Data from the Social Security Administration indicates that about only one in four Oklahoma residents who are currently receiving Social Security retirement benefits waited until full retirement age to start receiving payments.

In Cherokee County, 6,035 residents received retirement benefits from the federal system, according to 2012 figures.

The average recipient of Social Security benefits in Cherokee County received $1,097 a month in December 2012, which, on an annual basis, translates to $79,452,000 in income to the area, according to the Bureau of Economic Analysis.

But residents in rural areas like Cherokee County may have a harder time delaying their retirement.

“In rural areas, there is often a challenge as folks move toward retirement,” said Deanna Sharpe, personal finance professor at the University of Missouri. “They are more likely to face unemployment. Jobs are not as available. And when they are, they tend to pay less.”

Economic downturns can also affect when people decide to start receiving Social Security, Sharpe said.

“One of the coping mechanisms during the recent recession was to pick up Social Security at age 62, even if they might not have planned to do that before the recession.”

Yeutter said that providing the prospective retiree does not need the money to live on, delaying benefits could be a boon.

“For a single person, it is easy to compare the flow of payments beginning at age 65, and that from delaying, and find how long he must live to make it worthwhile,” said Yeutter. “For married couples, it is different. You can receive either your own benefit, or 50 percent of your spouse’s. You can only do this if your spouse has filed for [his or her] own benefit.”

Yeutter said this has led to “claiming strategies.”

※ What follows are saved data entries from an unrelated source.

(* Let $\mathcal{X}=\{x_k\}_{k=1}^\infty$ be a family of vectors in a real or complex Hilbert space $\mathbb{H}$. The following are equivalent: (1) whenever $T,S$ are Hilbert–Schmidt, positive and self-adjoint operators on $\mathbb{H}$ with $\langle Tx_k,x_k\rangle=\langle Sx_k,x_k\rangle$ for all $k$, then $T=S$; (2) whenever $T,S$ are Hilbert–Schmidt self-adjoint operators on $\mathbb{H}$ with $\langle Tx_k,x_k\rangle=\langle Sx_k,x_k\rangle$ for all $k$, then $T=S$; (3) $\mathcal{X}$ is injective.
   Context: A family $\{x_k\}$ in a Hilbert space is called injective if whenever a Hilbert–Schmidt self-adjoint operator $T$ satisfies $\langle Tx_k,x_k\rangle=0$ for all $k$, then $T=0$. *)

theory Defs
  imports "HOL-Analysis.Analysis"
begin

definition r_orthonormal_basis :: "'a::real_inner set \<Rightarrow> bool" where
  "r_orthonormal_basis B \<longleftrightarrow>
     (\<forall>b\<in>B. norm b = 1) \<and> (\<forall>b\<in>B. \<forall>c\<in>B. b \<noteq> c \<longrightarrow> b \<bullet> c = 0)
     \<and> closure (span B) = UNIV"

definition r_hilbert_schmidt :: "('a::real_inner \<Rightarrow> 'a) \<Rightarrow> bool" where
  "r_hilbert_schmidt T \<longleftrightarrow> bounded_linear T \<and>
     (\<exists>B. r_orthonormal_basis B \<and> (\<lambda>b. (norm (T b))^2) summable_on B)"

definition r_selfadjoint :: "('a::real_inner \<Rightarrow> 'a) \<Rightarrow> bool" where
  "r_selfadjoint T \<longleftrightarrow> bounded_linear T \<and> (\<forall>x y. T x \<bullet> y = x \<bullet> T y)"

definition r_positive :: "('a::real_inner \<Rightarrow> 'a) \<Rightarrow> bool" where
  "r_positive T \<longleftrightarrow> (\<forall>x. 0 \<le> T x \<bullet> x)"

definition r_injective_family :: "(nat \<Rightarrow> 'a::real_inner) \<Rightarrow> bool" where
  "r_injective_family x \<longleftrightarrow>
     (\<forall>T. r_hilbert_schmidt T \<and> r_selfadjoint T \<and> (\<forall>k. T (x k) \<bullet> x k = 0)
          \<longrightarrow> T = (\<lambda>_. 0))"

section \<open>Complex Hilbert spaces: a Banach space 'a with complex scalar multiplication sc
  extending the real one and an inner product ip (linear in the first argument)
  inducing the norm\<close>

definition complex_hilbert :: "(complex \<Rightarrow> 'a::banach \<Rightarrow> 'a) \<Rightarrow> ('a \<Rightarrow> 'a \<Rightarrow> complex) \<Rightarrow> bool" where
  "complex_hilbert sc ip \<longleftrightarrow>
     (\<forall>r x. sc (complex_of_real r) x = r *\<^sub>R x) \<and>
     (\<forall>a b x. sc (a * b) x = sc a (sc b x)) \<and>
     (\<forall>a x y. sc a (x + y) = sc a x + sc a y) \<and>
     (\<forall>a b x. sc (a + b) x = sc a x + sc b x) \<and>
     (\<forall>x y z. ip (x + y) z = ip x z + ip y z) \<and>
     (\<forall>a x y. ip (sc a x) y = a * ip x y) \<and>
     (\<forall>x y. ip y x = cnj (ip x y)) \<and>
     (\<forall>x. ip x x = complex_of_real ((norm x)^2))"

definition c_linear :: "(complex \<Rightarrow> 'a::real_normed_vector \<Rightarrow> 'a) \<Rightarrow> ('a \<Rightarrow> 'a) \<Rightarrow> bool" where
  "c_linear sc T \<longleftrightarrow> bounded_linear T \<and> (\<forall>a x. T (sc a x) = sc a (T x))"

definition cspan :: "(complex \<Rightarrow> 'a::real_vector \<Rightarrow> 'a) \<Rightarrow> 'a set \<Rightarrow> 'a set" where
  "cspan sc B = {y. \<exists>F c. finite F \<and> F \<subseteq> B \<and> y = (\<Sum>b\<in>F. sc (c b) b)}"

definition c_orthonormal_basis ::
  "(complex \<Rightarrow> 'a::real_normed_vector \<Rightarrow> 'a) \<Rightarrow> ('a \<Rightarrow> 'a \<Rightarrow> complex) \<Rightarrow> 'a set \<Rightarrow> bool" where
  "c_orthonormal_basis sc ip B \<longleftrightarrow>
     (\<forall>b\<in>B. ip b b = 1) \<and> (\<forall>b\<in>B. \<forall>c\<in>B. b \<noteq> c \<longrightarrow> ip b c = 0)
     \<and> closure (cspan sc B) = UNIV"

definition c_hilbert_schmidt ::
  "(complex \<Rightarrow> 'a::real_normed_vector \<Rightarrow> 'a) \<Rightarrow> ('a \<Rightarrow> 'a \<Rightarrow> complex) \<Rightarrow> ('a \<Rightarrow> 'a) \<Rightarrow> bool" where
  "c_hilbert_schmidt sc ip T \<longleftrightarrow> c_linear sc T \<and>
     (\<exists>B. c_orthonormal_basis sc ip B \<and> (\<lambda>b. (norm (T b))^2) summable_on B)"

definition c_selfadjoint ::
  "(complex \<Rightarrow> 'a::real_normed_vector \<Rightarrow> 'a) \<Rightarrow> ('a \<Rightarrow> 'a \<Rightarrow> complex) \<Rightarrow> ('a \<Rightarrow> 'a) \<Rightarrow> bool" where
  "c_selfadjoint sc ip T \<longleftrightarrow> c_linear sc T \<and> (\<forall>x y. ip (T x) y = ip x (T y))"

definition c_positive :: "('a \<Rightarrow> 'a \<Rightarrow> complex) \<Rightarrow> ('a \<Rightarrow> 'a) \<Rightarrow> bool" where
  "c_positive ip T \<longleftrightarrow> (\<forall>x. \<exists>r\<ge>0. ip (T x) x = complex_of_real r)"

definition c_injective_family ::
  "(complex \<Rightarrow> 'a::real_normed_vector \<Rightarrow> 'a) \<Rightarrow> ('a \<Rightarrow> 'a \<Rightarrow> complex) \<Rightarrow> (nat \<Rightarrow> 'a) \<Rightarrow> bool" where
  "c_injective_family sc ip x \<longleftrightarrow>
     (\<forall>T. c_hilbert_schmidt sc ip T \<and> c_selfadjoint sc ip T \<and> (\<forall>k. ip (T (x k)) (x k) = 0)
          \<longrightarrow> T = (\<lambda>_. 0))"

end

theory Submission
  imports Defs
begin

text \<open>Differences of self-adjoint Hilbert--Schmidt operators are again such operators, which
  makes (2) and (3) equivalent. The substance is (1) \<open>\<Longrightarrow>\<close> (2): every self-adjoint
  Hilbert--Schmidt \<open>A\<close> is the difference of the positive operators \<open>(|A| + A)/2\<close> and
  \<open>(|A| - A)/2\<close>, which are Hilbert--Schmidt because \<open>\<parallel>|A| x\<parallel> = \<parallel>A x\<parallel>\<close>, and positive because
  \<open>|\<langle>A x, x\<rangle>| \<le> \<langle>|A| x, x\<rangle>\<close>. The absolute value \<open>|A| = sqrt(A\<^sup>2)\<close> is obtained without spectral
  theory: for \<open>\<parallel>A\<parallel> \<le> K\<close> the operator \<open>Y = 1 - A\<^sup>2/K\<^sup>2\<close> is a positive contraction, the
  iterates \<open>Z\<^sub>n\<^sub>+\<^sub>1 = (Y + Z\<^sub>n\<^sup>2)/2\<close> converge strongly to some \<open>Z\<close> with \<open>(1 - Z)\<^sup>2 = 1 - Y\<close>, and
  \<open>|A| = K (1 - Z)\<close>.\<close>

lemma summable_on_power2_norm_mono:
  assumes "(\<lambda>b. (norm (A b))^2) summable_on B" "\<And>x. norm (P x) \<le> norm (A x)"
  shows "(\<lambda>b. (norm (P b))^2) summable_on B"
proof (rule summable_on_comparison_test[OF assms(1)])
  fix b show "(norm (P b))^2 \<le> (norm (A b))^2" using assms(2)[of b] by (simp add: power_mono)
qed simp

lemma summable_on_power2_norm_diff:
  assumes T: "(\<lambda>b. (norm (T b))^2) summable_on B" and S: "(\<lambda>b. (norm (S b))^2) summable_on B"
  shows "(\<lambda>b. (norm (T b - S b))^2) summable_on B"
proof (rule summable_on_comparison_test)
  show "(\<lambda>b. 2 * (norm (T b))^2 + 2 * (norm (S b))^2) summable_on B"
    by (intro summable_on_add summable_on_cmult_right T S)
  fix b
  have "norm (T b - S b) \<le> norm (T b) + norm (S b)" by (rule norm_triangle_ineq4)
  then have "(norm (T b - S b))^2 \<le> (norm (T b) + norm (S b))^2" by (rule power_mono) auto
  also have "\<dots> \<le> 2 * (norm (T b))^2 + 2 * (norm (S b))^2"
    using zero_le_power2[of "norm (T b) - norm (S b)"] unfolding power2_sum power2_diff by linarith
  finally show "(norm (T b - S b))^2 \<le> 2 * (norm (T b))^2 + 2 * (norm (S b))^2" .
qed simp

lemma has_sum_sum_finite:
  fixes f :: "'i \<Rightarrow> 'j \<Rightarrow> real"
  assumes "finite F" "\<And>b. b \<in> F \<Longrightarrow> (f b has_sum s b) A"
  shows "((\<lambda>c. \<Sum>b\<in>F. f b c) has_sum (\<Sum>b\<in>F. s b)) A"
  using assms
proof (induction F rule: finite_induct)
  case (insert a F)
  have "((\<lambda>c. f a c + (\<Sum>b\<in>F. f b c)) has_sum (s a + (\<Sum>b\<in>F. s b))) A"
    by (rule has_sum_add) (use insert in auto)
  then show ?case using insert by simp
qed simp

lemma Cauchy_if_dominated_by_Cauchy:
  fixes a :: "nat \<Rightarrow> 'a::real_normed_vector" and q :: "nat \<Rightarrow> real"
  assumes q: "Cauchy q" and k: "k > 0" and C: "C \<ge> 0"
    and dom: "\<And>m n. n \<le> m \<Longrightarrow> norm (a m - a n) ^ k \<le> C * \<bar>q m - q n\<bar>"
  shows "Cauchy a"
proof (rule CauchyI)
  fix e :: real assume e: "0 < e"
  define \<delta> where "\<delta> = e ^ k / (C + 1)"
  have \<delta>: "0 < \<delta>" using e C unfolding \<delta>_def by simp
  obtain M where M: "\<forall>m\<ge>M. \<forall>n\<ge>M. norm (q m - q n) < \<delta>" using CauchyD[OF q \<delta>] by blast
  have lt: "norm (a m - a n) < e" if "m \<ge> M" "n \<ge> M" "n \<le> m" for m n
  proof -
    have "\<bar>q m - q n\<bar> < \<delta>" using M that(1,2) by simp
    have "norm (a m - a n) ^ k \<le> C * \<bar>q m - q n\<bar>" using dom[OF that(3)] .
    also have "\<dots> \<le> C * \<delta>" using \<open>\<bar>q m - q n\<bar> < \<delta>\<close> C by (intro mult_left_mono) auto
    also have "\<dots> < (C + 1) * \<delta>" using \<delta> by (simp add: distrib_right)
    also have "\<dots> = e ^ k" unfolding \<delta>_def using C by (simp add: field_simps)
    finally have "norm (a m - a n) ^ k < e ^ k" .
    then show ?thesis by (rule power_less_imp_less_base) (use e in simp)
  qed
  show "\<exists>M. \<forall>m\<ge>M. \<forall>n\<ge>M. norm (a m - a n) < e"
  proof (intro exI allI impI)
    fix m n assume "m \<ge> M" "n \<ge> M"
    then show "norm (a m - a n) < e"
    proof (cases "n \<le> m")
      case False
      then have "norm (a n - a m) < e" using lt \<open>m \<ge> M\<close> \<open>n \<ge> M\<close> by simp
      then show ?thesis by (simp add: norm_minus_commute)
    qed (use lt in simp)
  qed
qed

text \<open>The inner product is a parameter rather than a type class, so that the locale also
  covers the real part of a complex inner product on a space that carries no
  \<^class>\<open>real_inner\<close> instance.\<close>

locale real_hilbert =
  fixes inn :: "'v::real_normed_vector \<Rightarrow> 'v \<Rightarrow> real"
  assumes inn_add_left: "inn (x + y) z = inn x z + inn y z"
    and inn_scaleR_left: "inn (r *\<^sub>R x) y = r * inn x y"
    and inn_commute: "inn x y = inn y x"
    and inn_self: "inn x x = (norm x)^2"
    and inn_complete: "Cauchy (X :: nat \<Rightarrow> 'v) \<Longrightarrow> convergent X"
begin

lemma inn_add_right: "inn x (y + z) = inn x y + inn x z"
  by (simp only: inn_commute[of x] inn_add_left)

lemma inn_scaleR_right: "inn x (r *\<^sub>R y) = r * inn x y"
  by (simp only: inn_commute[of x] inn_scaleR_left)

lemma inn_zero [simp]: "inn 0 y = 0" "inn y 0 = 0"
  using inn_scaleR_left[of 0 y y] inn_scaleR_right[of y 0 y] by auto

lemma inn_minus: "inn (- x) y = - inn x y" "inn y (- x) = - inn y x"
  using inn_scaleR_left[of "-1" x y] inn_scaleR_right[of y "-1" x] by auto

lemma inn_diff_left: "inn (x - y) z = inn x z - inn y z"
  using inn_add_left[of x "-y" z] inn_minus by simp

lemma inn_diff_right: "inn z (x - y) = inn z x - inn z y"
  using inn_add_right[of z x "-y"] inn_minus by simp

lemma inn_sum_left: "inn (sum f A) y = (\<Sum>i\<in>A. inn (f i) y)"
  by (induction A rule: infinite_finite_induct) (auto simp: inn_add_left)

lemma inn_sum_right: "inn y (sum f A) = (\<Sum>i\<in>A. inn y (f i))"
  by (induction A rule: infinite_finite_induct) (auto simp: inn_add_right)

lemmas inn_simps = inn_add_left inn_add_right inn_scaleR_left inn_scaleR_right
  inn_diff_left inn_diff_right inn_minus

lemma positive_operator_Cauchy_Schwarz:
  assumes lin: "linear T" and sa: "\<And>x y. inn (T x) y = inn x (T y)"
    and pos: "\<And>x. 0 \<le> inn (T x) x"
  shows "(inn (T a) b)^2 \<le> inn (T a) a * inn (T b) b"
proof -
  define \<alpha> where "\<alpha> = inn (T a) a"
  define \<beta> where "\<beta> = inn (T a) b"
  define \<gamma> where "\<gamma> = inn (T b) b"
  have quadratic: "0 \<le> \<alpha> + 2*t*\<beta> + t^2*\<gamma>" for t
  proof -
    have "T (a + t *\<^sub>R b) = T a + t *\<^sub>R T b"
      using lin by (simp add: linear_add linear_scale)
    moreover have "inn (T b) a = \<beta>" unfolding \<beta>_def using sa inn_commute by metis
    ultimately have "inn (T (a + t *\<^sub>R b)) (a + t *\<^sub>R b) = \<alpha> + 2*t*\<beta> + t^2*\<gamma>"
      unfolding \<alpha>_def \<beta>_def \<gamma>_def by (simp add: inn_simps algebra_simps power2_eq_square)
    then show ?thesis using pos by metis
  qed
  have "\<gamma> \<ge> 0" unfolding \<gamma>_def using pos by simp
  show ?thesis
  proof (cases "\<gamma> = 0")
    case True
    have "\<beta> = 0"
    proof (rule ccontr)
      assume "\<beta> \<noteq> 0"
      have "0 \<le> \<alpha> + 2*(-(\<alpha>+1)/(2*\<beta>))*\<beta> + (-(\<alpha>+1)/(2*\<beta>))^2*\<gamma>" by (rule quadratic)
      also have "\<dots> = -1" using \<open>\<beta> \<noteq> 0\<close> True by (simp add: field_simps)
      finally show False by simp
    qed
    then show ?thesis using True unfolding \<beta>_def \<gamma>_def by simp
  next
    case False
    then have "\<gamma> > 0" using \<open>\<gamma> \<ge> 0\<close> by simp
    have "0 \<le> \<alpha> + 2*(-\<beta>/\<gamma>)*\<beta> + (-\<beta>/\<gamma>)^2*\<gamma>" by (rule quadratic)
    also have "\<dots> = (\<alpha>*\<gamma> - \<beta>^2)/\<gamma>" using \<open>\<gamma> > 0\<close> by (simp add: field_simps power2_eq_square)
    finally have "0 \<le> \<alpha>*\<gamma> - \<beta>^2" using \<open>\<gamma> > 0\<close> by (simp add: zero_le_divide_iff)
    then show ?thesis unfolding \<alpha>_def \<beta>_def \<gamma>_def by simp
  qed
qed

lemma abs_inn_le_norm: "\<bar>inn a b\<bar> \<le> norm a * norm b"
proof -
  have "(inn a b)^2 \<le> inn a a * inn b b"
    using positive_operator_Cauchy_Schwarz[of "\<lambda>x. x" a b]
    by (simp add: inn_self linear_id[unfolded id_def])
  also have "\<dots> = (norm a * norm b)^2" by (simp add: inn_self power_mult_distrib)
  finally have "\<bar>inn a b\<bar> \<le> \<bar>norm a * norm b\<bar>" using abs_le_square_iff by blast
  then show ?thesis by simp
qed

“This is where the higher earner will ‘file and suspend,’ so the lower-earning spouse can begin receiving half his benefit,” said Yeutter. “Then, the higher earner waits until age 70 to begin receiving a higher benefit.”

According to AARP, the “file and suspend” rule was added to Social Security in 2000 as part of the Senior Citizens Freedom to Work Act to help couples plan their retirements.

“The most recent budget proposal seeks to limit this strategy because it is particularly beneficial to high income earners,” said Yeutter.

Yeutter also pointed out that Social Security is subject to taxation.

“Taxation of Social Security is somewhat complex,” said Yeutter. “For those with high income in retirement, 85 percent of their benefit is taxed. For those with low income, their benefit is excluded from tax.”


The Social Security Administration offers a calculator on its website, ssa.gov, that allows workers to estimate their retirement earnings based on their own work records and estimated retirement age.